Quel est l’endroit le plus profond de la croûte terrestre ? A cette question, beaucoup seront tentés de répondre la fosse des Mariannes, cette fosse océanique record située dans l’océan Pacifique. Pourtant, malgré ces quelque 11 kilomètres de profondeur, ce n’est pas cette formation qui détient la première place.

L’endroit le plus profond de la croûte terrestre se trouve bien loin du Pacifique, en Russie. Plus précisément dans la péninsule de Kola, à proximité de la ville de Mourmansk. Ce lieu n’est toutefois pas naturel, il a été créé il y a des décennies de cela par l’homme. En effet, il s’agit d’un forage connu sous le nom de forage SG3 ou forage profond de Kola.

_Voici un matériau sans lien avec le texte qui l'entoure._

lemma simple_graph_induced: "simple_graph V E \<Longrightarrow> U \<subseteq> V \<Longrightarrow> simple_graph U (induced_edges E U)"
  unfolding simple_graph_def induced_edges_def by (auto intro: finite_subset)

lemma chordal_induced:
  assumes "chordal V E" "U \<subseteq> V"
  shows "chordal U (induced_edges E U)"
  unfolding chordal_def
proof (intro allI impI)
  fix xs assume "induced_cycle U (induced_edges E U) xs"
  then have "induced_cycle V E xs"
    unfolding induced_cycle_def induced_edges_def using assms(2) by (auto simp: subset_iff)
  then show "length xs < 4" using assms(1) unfolding chordal_def by blast
qed

lemma connected_in_induced:
  assumes "connected_in E S" "S \<subseteq> U"
  shows "connected_in (induced_edges E U) S"
  unfolding connected_in_def
proof (intro ballI)
  fix x y assume "x \<in> S" "y \<in> S"
  then obtain p where p: "walk_in E S p" "hd p = x" "last p = y"
    using assms(1) unfolding connected_in_def by blast
  have "walk_in (induced_edges E U) S p"
    by (rule walk_in_mono[OF p(1)]) (use assms(2) p(1) in \<open>auto simp: walk_in_def induced_edges_def\<close>)
  then show "\<exists>p. walk_in (induced_edges E U) S p \<and> hd p = x \<and> last p = y" using p by blast
qed

definition simplicial :: "'a set \<Rightarrow> ('a \<Rightarrow> 'a \<Rightarrow> bool) \<Rightarrow> 'a \<Rightarrow> bool" where
  "simplicial V E z \<longleftrightarrow> z \<in> V \<and> (\<forall>x y. E z x \<longrightarrow> E z y \<longrightarrow> x \<noteq> y \<longrightarrow> E x y)"

lemma simplicial_induced_imp_simplicial:
  assumes "simplicial U (induced_edges E U) z" "\<And>w. E z w \<Longrightarrow> w \<in> U" "U \<subseteq> V"
  shows "simplicial V E z"
  using assms unfolding simplicial_def induced_edges_def by blast

lemma chordless_walk_edge_iff:
  assumes sg: "simple_graph V E" and w: "walk_in E S p" and c: "chordless E p"
    and ij: "i < length p" "j < length p"
  shows "E (p ! i) (p ! j) \<longleftrightarrow> j = Suc i \<or> i = Suc j"
proof -
  consider "i < j" | "i = j" | "j < i" by linarith
  then show ?thesis
  proof cases
    case 1 then show ?thesis using c w ij unfolding chordless_def walk_in_def by auto
  next
    case 2 then show ?thesis using simple_graph_irrefl[OF sg] by auto
  next
    case 3 then show ?thesis
      using c w ij simple_graph_sym[OF sg] unfolding chordless_def walk_in_def by (metis less_irrefl)
  qed
qed

lemma walk_in_nonadjacent_length:
  assumes "walk_in E S p" "hd p \<noteq> last p" "\<not> E (hd p) (last p)"
  shows "3 \<le> length p"
proof (rule ccontr)
  assume "\<not> 3 \<le> length p"
  with walk_in_nonempty[OF assms(1)] have "\<exists>u v. p = [u] \<or> p = [u, v]"
    by (cases p rule: remdups_adj.cases) (auto simp: Suc_le_eq)
  then show False using assms by (auto simp: walk_in_Cons_Cons)
qed

text \<open>A vertex seeing exactly the two ends of a chordless path closes an induced cycle with it.\<close>
lemma chordal_apex_chordless_path:
  assumes sg: "simple_graph V E" and ch: "chordal V E"
    and p: "walk_in E V p" "chordless E p" and a: "a \<in> V" "a \<notin> set p"
    and ends: "E a (hd p)" "E a (last p)"
    and inner: "\<And>i. 0 < i \<Longrightarrow> i < length p - 1 \<Longrightarrow> \<not> E a (p ! i)"
  shows "length p < 3"
proof (rule ccontr)
  assume len: "\<not> length p < 3"
  let ?n = "length p"
  have ne: "p \<noteq> []" using len by auto
  then have "E a (p ! 0)" "E a (p ! (?n - 1))"
    using ends by (simp_all add: hd_conv_nth last_conv_nth)
  then have Ea: "E a (p ! k) \<longleftrightarrow> k = 0 \<or> k = ?n - 1" if "k < ?n" for k
    using that inner by (cases "k = 0 \<or> k = ?n - 1") auto
  have Ea': "E (p ! k) a \<longleftrightarrow> k = 0 \<or> k = ?n - 1" if "k < ?n" for k
    using Ea[OF that] simple_graph_sym[OF sg] by blast
  have Ep: "E (p ! i) (p ! j) \<longleftrightarrow> j = Suc i \<or> i = Suc j" if "i < ?n" "j < ?n" for i j
    using chordless_walk_edge_iff[OF sg p(1,2) that] .
  have "induced_cycle V E (a # p)"
    unfolding induced_cycle_def
  proof (intro conjI allI impI)
    fix i j assume i: "i < length (a # p)" and j: "j < length (a # p)"
    have succ: "Suc i mod length (a # p) = (if i = ?n then 0 else Suc i)"
      "Suc j mod length (a # p) = (if j = ?n then 0 else Suc j)"
      using i j by auto
    show "E ((a # p) ! i) ((a # p) ! j) \<longleftrightarrow>
          (j = Suc i mod length (a # p) \<or> i = Suc j mod length (a # p))"
    proof (cases i; cases j)
      assume "i = 0" "j = 0" then show ?thesis using simple_graph_irrefl[OF sg] succ len by auto
    next
      fix j' assume "i = 0" "j = Suc j'" then show ?thesis using Ea[of j'] j succ by auto
    next
      fix i' assume "i = Suc i'" "j = 0" then show ?thesis using Ea'[of i'] i succ by auto
    next
      fix i' j' assume "i = Suc i'" "j = Suc j'"
      moreover have "i' < ?n" "j' < ?n" using i j calculation by simp_all
      ultimately show ?thesis using Ep[of i' j'] succ ne by simp arith
    qed
  qed (use p a len in \<open>auto simp: chordless_def walk_in_def\<close>)
  then have "length (a # p) < 4" using ch unfolding chordal_def by blast
  with len show False by simp
qed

Ce forage est le plus profond jamais réalisé de l’histoire. Démarrée en mai 1970, le projet avait pour but de creuser le plus profondément possible avec un objectif de 15.000 mètres. Les scientifiques voulaient ainsi traverser la croûte terrestre et atteindre ce qu’on appelle la discontinuité de Mohorovičić (ou Moho), la limite entre la croûte et le manteau supérieur de la Terre.

Forage de Kola 2012

Le forage de Kola soudé et boulonné en août 2012 .

L’histoire du forage démarre en réalité bien avant les années 1970, alors que la course à l’espace faisait rage entre les États-Unis et l’Union soviétique. La légende veut ainsi que les deux pays se soient tout deux mis en tête de réaliser le forage le plus profond. Mais l’opération s’est révélée bien plus difficile que les chercheurs ne le pensaient.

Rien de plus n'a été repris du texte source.